= Exercise goal =
Give back an exact copy of the lines in the records below, from the line that has "M. G (Inl n)" through the line that has "norm t < norm z", and nothing besides.

= Exercise input =
(* For every instance of the Balancing with Conflicts game with $n$ players and $m$ machines: - the price of total anarchy is at most $2-\frac1m+\frac{m-1}{n}$ if $n\ge m$; - it is at most $1+\frac{2n-2}{m}$ if $n<m$; - it is at most $3-\frac2m$ for every $n$.
   Context: An instance of the Balancing with Conflicts (BwC) game consists of: - players $N=\{1,\dots,n\}$; - machines $M=\{1,\dots,m\}$; - a simple undirected graph $G=(N,E)$. Each player chooses one machine, so a state is $\vec s\in M^n$. Let $X_k(\vec s)=\{i:s_i=k\}$ and $x_k(\vec s)=|X_k(\vec s)|$. For $X\subseteq N$, $e(X)$ is the number of edges with both endpoints in $X$, and $e(\{i\},X)$ is the number of neighbours of $i$ in $X$. The cost of player $i$ with $s_i=k$ is $c_i(\vec s)=x_k(\vec s)+e(\{i\},X_k(\vec s))$. The social cost is $$c(\vec s)=\sum_ic_i(\vec s)=\sum_k\big(x_k(\vec s)^2+2e(X_k(\vec s))\big),$$ and $\vec s^*$ minimizes $c$. A coarse correlated equilibrium (CCE) is a probability distribution $\sigma$ over states such that for every player $i$ and every machine $s_i'$, $$\mathbf E_{\vec s\sim\sigma}[c_i(\vec s)]\le\mathbf E_{\vec s\sim\sigma}[c_i(s_i',\vec s_{-i})].$$ The price of total anarchy of an instance is the supremum over all CCE $\sigma$ of $\mathbf E_{\vec s\sim\sigma}[c(\vec s)]/c(\vec s^* )$. *)

theory Defs
  imports Complex_Main "HOL-Library.FuncSet"
begin

definition simple_graph :: "nat \<Rightarrow> (nat \<Rightarrow> nat \<Rightarrow> bool) \<Rightarrow> bool" where
  "simple_graph n E \<longleftrightarrow> (\<forall>i<n. \<forall>j<n. E i j \<longleftrightarrow> E j i) \<and> (\<forall>i<n. \<not> E i i)"

definition states :: "nat \<Rightarrow> nat \<Rightarrow> (nat \<Rightarrow> nat) set" where
  "states n m = ({..<n} \<rightarrow>\<^sub>E {..<m})"

definition load_set :: "nat \<Rightarrow> (nat \<Rightarrow> nat) \<Rightarrow> nat \<Rightarrow> nat set" where
  "load_set n s k = {j. j < n \<and> s j = k}"

definition player_cost :: "nat \<Rightarrow> (nat \<Rightarrow> nat \<Rightarrow> bool) \<Rightarrow> (nat \<Rightarrow> nat) \<Rightarrow> nat \<Rightarrow> real" where
  "player_cost n E s i =
     real (card (load_set n s (s i))) + real (card {j \<in> load_set n s (s i). E i j})"

definition social_cost :: "nat \<Rightarrow> (nat \<Rightarrow> nat \<Rightarrow> bool) \<Rightarrow> (nat \<Rightarrow> nat) \<Rightarrow> real" where
  "social_cost n E s = (\<Sum>i<n. player_cost n E s i)"

definition opt_cost :: "nat \<Rightarrow> nat \<Rightarrow> (nat \<Rightarrow> nat \<Rightarrow> bool) \<Rightarrow> real" where
  "opt_cost n m E = Min (social_cost n E ` states n m)"

definition is_distribution :: "nat \<Rightarrow> nat \<Rightarrow> ((nat \<Rightarrow> nat) \<Rightarrow> real) \<Rightarrow> bool" where
  "is_distribution n m \<sigma> \<longleftrightarrow>
     (\<forall>s\<in>states n m. \<sigma> s \<ge> 0) \<and> (\<Sum>s\<in>states n m. \<sigma> s) = 1"

definition is_CCE :: "nat \<Rightarrow> nat \<Rightarrow> (nat \<Rightarrow> nat \<Rightarrow> bool) \<Rightarrow> ((nat \<Rightarrow> nat) \<Rightarrow> real) \<Rightarrow> bool" where
  "is_CCE n m E \<sigma> \<longleftrightarrow> is_distribution n m \<sigma> \<and>
     (\<forall>i<n. \<forall>k<m.
        (\<Sum>s\<in>states n m. \<sigma> s * player_cost n E s i)
          \<le> (\<Sum>s\<in>states n m. \<sigma> s * player_cost n E (s(i := k)) i))"

definition expected_social_cost ::
  "nat \<Rightarrow> nat \<Rightarrow> (nat \<Rightarrow> nat \<Rightarrow> bool) \<Rightarrow> ((nat \<Rightarrow> nat) \<Rightarrow> real) \<Rightarrow> real" where
  "expected_social_cost n m E \<sigma> = (\<Sum>s\<in>states n m. \<sigma> s * social_cost n E s)"

end

theory Submission
  imports Defs "HOL-Analysis.Convex"
begin

text \<open>Summing player \<open>i\<close>'s CCE inequality over all \<open>m\<close> deviations bounds \<open>m\<close> times its
  expected cost by \<open>m + n - 1 + deg i\<close>, so \<open>m \<cdot> E[c] \<le> n(m + n - 1) + 2|E|\<close>.  For an optimum
  with loads \<open>x\<^sub>k\<close> and conflict term \<open>Q = \<Sum>\<^sub>k 2e(X\<^sub>k)\<close>, every edge is either counted in \<open>Q\<close> or
  joins two machines, so \<open>2|E| \<le> Q + n\<^sup>2 - \<Sum>\<^sub>k x\<^sub>k\<^sup>2\<close>.  With \<open>\<Sum>\<^sub>k x\<^sub>k\<^sup>2 \<ge> n\<close> and, by
  Cauchy-Schwarz, \<open>m \<Sum>\<^sub>k x\<^sub>k\<^sup>2 \<ge> n\<^sup>2\<close>, the three bounds are elementary inequalities.\<close>

declare sum_of_bool_eq [simp del]

definition load :: "nat \<Rightarrow> (nat \<Rightarrow> nat) \<Rightarrow> nat \<Rightarrow> real" where
  "load n s k = (\<Sum>j<n. of_bool (s j = k))"

definition conflicts :: "nat \<Rightarrow> (nat \<Rightarrow> nat \<Rightarrow> bool) \<Rightarrow> (nat \<Rightarrow> nat) \<Rightarrow> real" where
  "conflicts n E s = (\<Sum>i<n. \<Sum>j<n. of_bool (s j = s i \<and> E i j))"

definition degree :: "nat \<Rightarrow> (nat \<Rightarrow> nat \<Rightarrow> bool) \<Rightarrow> nat \<Rightarrow> real" where
  "degree n E i = (\<Sum>j<n. of_bool (E i j))"

lemma states_range: "s \<in> states n m \<Longrightarrow> j < n \<Longrightarrow> s j < m"
  unfolding states_def by auto

lemma finite_states: "finite (states n m)"
  unfolding states_def by (simp add: finite_PiE)
lemma comp_commute_of_disjoint_supports:
  fixes c c' :: "'a \<Rightarrow> 'a"
  assumes "\<forall>n\<in>- M. c n = n" "c ` M \<subseteq> M" "\<forall>n\<in>- M'. c' n = n" "c' ` M' \<subseteq> M'"
    and "M \<inter> M' = {}"
  shows "c \<circ> c' = c' \<circ> c"
proof
  fix n
  consider "n \<in> M" | "n \<in> M'" | "n \<notin> M" "n \<notin> M'" by blast
  then show "(c \<circ> c') n = (c' \<circ> c) n"
  proof cases
    case 1
    then have "c n \<notin> M'" "n \<notin> M'" using assms(2,5) by auto
    then show ?thesis using assms(3) by simp
  next
    case 2
    then have "c' n \<notin> M" "n \<notin> M" using assms(4,5) by auto
    then show ?thesis using assms(1) by simp
  next
    case 3
    then show ?thesis using assms(1,3) by simp
  qed
qed

lemma commuting_inj_sums_fixing:
  fixes A A' :: "nat set"
  assumes "coinfinite A" "coinfinite A'"
  obtains G G' :: "nat + nat \<Rightarrow> nat"
  where "inj G" "inj G'" "\<forall>a\<in>A. G (Inl a) = a" "\<forall>a\<in>A'. G' (Inl a) = a"
    "(G \<circ> Inl) \<circ> (G' \<circ> Inl) = (G' \<circ> Inl) \<circ> (G \<circ> Inl)"
proof -
  have "infinite (- A)" "infinite (- A')"
    using assms by (simp_all add: coinfinite_def Compl_eq_Diff_UNIV)
  then obtain M M' where M: "M \<subseteq> - A" "M' \<subseteq> - A'" "M \<inter> M' = {}" "infinite M" "infinite M'"
    by (rule infinite_disjoint_subsets)
  obtain G :: "nat + nat \<Rightarrow> nat" where G: "inj G" "\<forall>n\<in>- M. G (Inl n) = n" "(G \<circ> Inl) ` M \<subseteq> M"
    by (rule inj_sum_extending_id_outside[OF \<open>infinite M\<close>])
  obtain G' :: "nat + nat \<Rightarrow> nat" where G': "inj G'" "\<forall>n\<in>- M'. G' (Inl n) = n" "(G' \<circ> Inl) ` M' \<subseteq> M'"
    by (rule inj_sum_extending_id_outside[OF \<open>infinite M'\<close>])
  show thesis
  proof (rule that[OF G(1) G'(1)])
    show "\<forall>a\<in>A. G (Inl a) = a" using G(2) M(1) by blast
    show "\<forall>a\<in>A'. G' (Inl a) = a" using G'(2) M(2) by blast
    show "(G \<circ> Inl) \<circ> (G' \<circ> Inl) = (G' \<circ> Inl) \<circ> (G \<circ> Inl)"
      by (rule comp_commute_of_disjoint_supports[OF _ G(3) _ G'(3) M(3)]) (use G G' in auto)
  qed
qed
lemma has_contour_integral_circlepath_periodic:
  fixes w :: "complex \<Rightarrow> complex" and t :: complex
  assumes t: "0 < norm t" "norm t < 1"
    and S: "open S" "{z. norm t \<le> norm z \<and> norm z \<le> 1} \<subseteq> S"
    and P: "finite P" "P \<subseteq> {z. norm t < norm z \<and> norm z < 1}"
    and holo: "w holomorphic_on S - P"
    and poles: "\<And>p. p \<in> P \<Longrightarrow> is_pole w p \<and> zorder w p = -1"
    and periodic: "\<And>z. norm z = 1 \<Longrightarrow> w (t * z) = w z"
  shows "((\<lambda>z. w z * z ^ n) has_contour_integral
           2 * of_real pi * \<i> * (\<Sum>p\<in>P. residue w p * p ^ n) / (1 - t ^ (n + 1))) (circlepath 0 1)"
proof -
  let ?\<gamma> = "circlepath (0::complex) 1" and ?h = "(*) t \<circ> circlepath 0 1"
  let ?X = "2 * of_real pi * \<i> * (\<Sum>p\<in>P. residue w p * p ^ n)"
  have "P \<subseteq> S"
    using P(2) S(2) by force
  then obtain g where g: "g holomorphic_on S"
    "\<And>z. z \<in> S - P \<Longrightarrow> g z = w z - (\<Sum>p\<in>P. residue w p / (z - p))"
    using simple_poles_principal_parts_removable[OF S(1) P(1) _ holo] poles by blast
  have "sphere 0 1 \<union> sphere 0 (norm t) \<subseteq> S - P"
    using S(2) P(2) t by auto
  then have circles: "path_image ?\<gamma> \<subseteq> S - P" "path_image ?h \<subseteq> S - P"
    using valid_path_scaled_circlepath(3)[of t] by auto
  have regular_part: "g z * z ^ n = w z * z ^ n - (\<Sum>p\<in>P. residue w p * z ^ n / (z - p))"
    if "z \<in> S - P" for z
    using that by (simp add: g(2) sum_distrib_right left_diff_distrib)
  have "open (S - P)"
    using S(1) P(1) by (intro open_Diff finite_imp_closed)
  then have "(\<lambda>z. w z * z ^ n) contour_integrable_on ?\<gamma>"
    using holo circles(1) by (intro contour_integrable_holomorphic_simple[of _ "S - P"] holomorphic_intros) auto
  then obtain I where I: "((\<lambda>z. w z * z ^ n) has_contour_integral I) ?\<gamma>"
    by (auto simp: contour_integrable_on_def)
  have P_inside: "P \<subseteq> ball 0 1" and P_outside: "\<And>p. p \<in> P \<Longrightarrow> norm t < norm p"
    using P(2) by auto
  have "((\<lambda>z. g z * z ^ n) has_contour_integral I - ?X) ?\<gamma>"
    using has_contour_integral_diff[OF I has_contour_integral_principal_parts_circlepath[OF P(1) P_inside]]
    by (rule has_contour_integral_eq) (use circles(1) regular_part in auto)
  moreover have "((\<lambda>z. g z * z ^ n) has_contour_integral t ^ (n + 1) * I - 0) ?h"
    using has_contour_integral_diff[OF has_contour_integral_scaled_circlepath_periodic[OF periodic I]
        has_contour_integral_principal_parts_scaled_circlepath[OF P(1) P_outside]]
    by (rule has_contour_integral_eq) (use circles(2) regular_part in auto)
  moreover have "contour_integral ?\<gamma> (\<lambda>z. g z * z ^ n) = contour_integral ?h (\<lambda>z. g z * z ^ n)"
    using t S g(1) by (intro contour_integral_circlepath_eq_scaled holomorphic_intros) auto
  ultimately have "I - ?X = t ^ (n + 1) * I"
    by (metis contour_integral_unique diff_zero)
  moreover have "I * (1 - T) = X" if "I - X = T * I" for X T :: complex
    using that by (simp add: algebra_simps)
  moreover have "norm (t ^ (n + 1)) < 1"
    unfolding norm_power Suc_eq_plus1[symmetric] using t by (rule power_Suc_less_one)
  then have "1 - t ^ (n + 1) \<noteq> 0"
    by auto
  ultimately have "I = ?X / (1 - t ^ (n + 1))"
    by (simp add: eq_divide_eq)
  with I show ?thesis
    by simp
qed

lemma power_int_mult_in_annulus_imp_zero:
  fixes s x m M :: real and k :: int
  assumes s: "0 < s" "s < 1" and x: "0 < m" "m \<le> x" "x \<le> M"
    and lower: "s * M < s powi k * x" and upper: "s powi k * x < m / s"
  shows "k = 0"
proof (rule ccontr)
  assume "k \<noteq> 0"
  then consider "1 \<le> k" | "k \<le> -1"
    by linarith
  then show False
  proof cases
    case 1
    then have "s powi k \<le> s"
      using power_int_decreasing[of 1 k s] s by simp
    then have "s powi k * x \<le> s * M"
      using s x by (intro mult_mono) auto
    with lower show False
      by simp
  next
    case 2
    then have "inverse s \<le> s powi k"
      using power_int_decreasing[of k "-1" s] s by (simp add: power_int_minus)
    then have "inverse s * m \<le> s powi k * x"
      using s x by (intro mult_mono) auto
    with upper show False
      by (simp add: field_simps)
  qed
qed

definition w_moment :: "complex \<Rightarrow> complex \<Rightarrow> nat \<Rightarrow> complex" where
  "w_moment t a n = 2 * of_real pi * \<i> * (a ^ (n + 1) - (t / a) ^ (n + 1)) / (1 - t ^ (n + 1))"

lemma norm_reflected_point_bounds:
  fixes q a :: complex
  assumes "0 < norm q" "(norm q)\<^sup>2 < norm a" "norm a < 1"
  shows "(norm q)\<^sup>2 < norm (q\<^sup>2 / a)" "norm (q\<^sup>2 / a) < 1"
proof -
  have "0 < norm a"
    using assms(1,2) by (smt (verit) zero_less_power)
  moreover have "(norm q)\<^sup>2 * norm a < (norm q)\<^sup>2"
    using assms(1,3) by simp
  ultimately show "(norm q)\<^sup>2 < norm (q\<^sup>2 / a)" "norm (q\<^sup>2 / a) < 1"
    using assms(2) by (simp_all add: norm_divide norm_power field_simps)
qed

lemma w_spec_simple_poles:
  assumes "w_spec q a w"
  shows "is_pole w a" "zorder w a = -1" "residue w a = a"
    and "is_pole w (q\<^sup>2 / a)" "zorder w (q\<^sup>2 / a) = -1" "residue w (q\<^sup>2 / a) = - (q\<^sup>2 / a)"
proof -
  have "\<forall>k::int. is_pole w (q powi (2*k) * a) \<and> zorder w (q powi (2*k) * a) = -1 \<and>
                 residue w (q powi (2*k) * a) = q powi (2*k) * a"
    "\<forall>k::int. is_pole w (q powi (2*k) * (q\<^sup>2 / a)) \<and> zorder w (q powi (2*k) * (q\<^sup>2 / a)) = -1 \<and>
                 residue w (q powi (2*k) * (q\<^sup>2 / a)) = - (q powi (2*k) * (q\<^sup>2 / a))"
    using assms unfolding w_spec_def Let_def by blast+
  from this(1)[rule_format, of 0] this(2)[rule_format, of 0]
  show "is_pole w a" "zorder w a = -1" "residue w a = a"
    and "is_pole w (q\<^sup>2 / a)" "zorder w (q\<^sup>2 / a) = -1" "residue w (q\<^sup>2 / a) = - (q\<^sup>2 / a)"
    by simp_all
qed

lemma annulus_avoiding_pole_lattices:
  fixes q a :: complex
  assumes q: "0 < norm q" "norm q < 1" and a: "(norm q)\<^sup>2 < norm a" "norm a < 1"
  obtains S where "open S" "{z. (norm q)\<^sup>2 \<le> norm z \<and> norm z \<le> 1} \<subseteq> S" "0 \<notin> S"
    "\<And>c k. c \<in> {a, q\<^sup>2 / a} \<Longrightarrow> q powi (2*k) * c \<in> S \<Longrightarrow> k = 0"
proof -
  define s where "s = (norm q)\<^sup>2"
  define M where "M = max (norm a) (norm (q\<^sup>2 / a))"
  define m where "m = min (norm a) (norm (q\<^sup>2 / a))"
  define S where "S = ball 0 (m / s) - cball (0::complex) (s * M)"
  have s: "0 < s" "s < 1"
    using q by (simp_all add: s_def power_less_one_iff)
  have m: "s < m" and M: "M < 1" "norm a \<le> M"
    using a s norm_reflected_point_bounds[OF q(1) a] by (auto simp: m_def M_def s_def)
  have "0 < s * M"
    using s(1) M(2) a(1) unfolding s_def by (intro mult_pos_pos) linarith+
  have S_bounds: "s * M < s" "1 < m / s"
    using s m M by (simp_all add: less_divide_eq_1_pos)
  have in_S: "z \<in> S \<longleftrightarrow> s * M < norm z \<and> norm z < m / s" for z
    by (auto simp: S_def)
  show ?thesis
  proof
    show "open S"
      by (simp add: S_def open_Diff)
    show "{z. (norm q)\<^sup>2 \<le> norm z \<and> norm z \<le> 1} \<subseteq> S"
      using S_bounds by (auto simp: in_S s_def)
    show "0 \<notin> S"
      using \<open>0 < s * M\<close> by (simp add: in_S)
    fix c k assume c: "c \<in> {a, q\<^sup>2 / a}" and "q powi (2*k) * c \<in> S"
    moreover have "norm (q powi (2*k) * c) = s powi k * norm c"
      by (simp add: s_def norm_mult norm_power_int power_int_mult norm_power)
    ultimately have "s * M < s powi k * norm c" "s powi k * norm c < m / s"
      by (auto simp: in_S)
    moreover have "0 < m" "m \<le> norm c" "norm c \<le> M"
      using c m s by (auto simp: m_def M_def)
    ultimately show "k = 0"
      using power_int_mult_in_annulus_imp_zero[OF s] by blast
  qed
qed

lemma w_spec_annulus:
  fixes q a :: complex and w :: "complex \<Rightarrow> complex"
  assumes q: "0 < norm q" "norm q < 1" and a: "(norm q)\<^sup>2 < norm a" "norm a < 1"
    and w: "w_spec q a w"
  obtains S where "open S" "{z. (norm q)\<^sup>2 \<le> norm z \<and> norm z \<le> 1} \<subseteq> S"
    "w holomorphic_on S - {a, q\<^sup>2 / a}" "\<And>z. norm z = 1 \<Longrightarrow> w (q\<^sup>2 * z) = w z"
proof -
  obtain S where S: "open S" "{z. (norm q)\<^sup>2 \<le> norm z \<and> norm z \<le> 1} \<subseteq> S" "0 \<notin> S"
    and lattice: "\<And>c k. c \<in> {a, q\<^sup>2 / a} \<Longrightarrow> q powi (2*k) * c \<in> S \<Longrightarrow> k = 0"
    using annulus_avoiding_pole_lattices[OF q a] by blast
  define PA where "PA = {q powi (2*k) * a | k::int. True}"
  define PB where "PB = {q powi (2*k) * (q\<^sup>2 / a) | k::int. True}"
  have W: "w holomorphic_on (- {0} - (PA \<union> PB))" "\<forall>x \<in> - {0} - (PA \<union> PB). w (q\<^sup>2 * x) = w x"
    using w unfolding w_spec_def Let_def PA_def PB_def by blast+
  have "z \<in> {a, q\<^sup>2 / a}" if "z \<in> S" "z \<in> PA \<union> PB" for z
  proof -
    obtain c k where "c \<in> {a, q\<^sup>2 / a}" "z = q powi (2*k) * c"
      using \<open>z \<in> PA \<union> PB\<close> unfolding PA_def PB_def by blast
    with lattice[of c k] \<open>z \<in> S\<close> show ?thesis
      by auto
  qed
  with S(3) have domain: "S - {a, q\<^sup>2 / a} \<subseteq> - {0} - (PA \<union> PB)"
    by blast
  have "(norm q)\<^sup>2 \<le> 1"
    using q by (simp add: power_le_one)
  then have "sphere 0 1 \<subseteq> S - {a, q\<^sup>2 / a}"
    using S(2) a(2) norm_reflected_point_bounds[OF q(1) a] by auto
  show ?thesis
  proof
    show "w holomorphic_on S - {a, q\<^sup>2 / a}"
      using W(1) domain by (rule holomorphic_on_subset)
    show "w (q\<^sup>2 * z) = w z" if "norm z = 1" for z
    proof -
      have "z \<in> - {0} - (PA \<union> PB)"
        using that domain \<open>sphere 0 1 \<subseteq> _\<close> by auto
      then show ?thesis
        using W(2) by blast
    qed
  qed (use S in auto)
qed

= Exercise response =
  obtain G :: "nat + nat \<Rightarrow> nat" where G: "inj G" "\<forall>n\<in>- M. G (Inl n) = n" "(G \<circ> Inl) ` M \<subseteq> M"
    by (rule inj_sum_extending_id_outside[OF \<open>infinite M\<close>])
  obtain G' :: "nat + nat \<Rightarrow> nat" where G': "inj G'" "\<forall>n\<in>- M'. G' (Inl n) = n" "(G' \<circ> Inl) ` M' \<subseteq> M'"
    by (rule inj_sum_extending_id_outside[OF \<open>infinite M'\<close>])
  show thesis
  proof (rule that[OF G(1) G'(1)])
    show "\<forall>a\<in>A. G (Inl a) = a" using G(2) M(1) by blast
    show "\<forall>a\<in>A'. G' (Inl a) = a" using G'(2) M(2) by blast
    show "(G \<circ> Inl) \<circ> (G' \<circ> Inl) = (G' \<circ> Inl) \<circ> (G \<circ> Inl)"
      by (rule comp_commute_of_disjoint_supports[OF _ G(3) _ G'(3) M(3)]) (use G G' in auto)
  qed
qed
lemma has_contour_integral_circlepath_periodic:
  fixes w :: "complex \<Rightarrow> complex" and t :: complex
  assumes t: "0 < norm t" "norm t < 1"
    and S: "open S" "{z. norm t \<le> norm z \<and> norm z \<le> 1} \<subseteq> S"
    and P: "finite P" "P \<subseteq> {z. norm t < norm z \<and> norm z < 1}"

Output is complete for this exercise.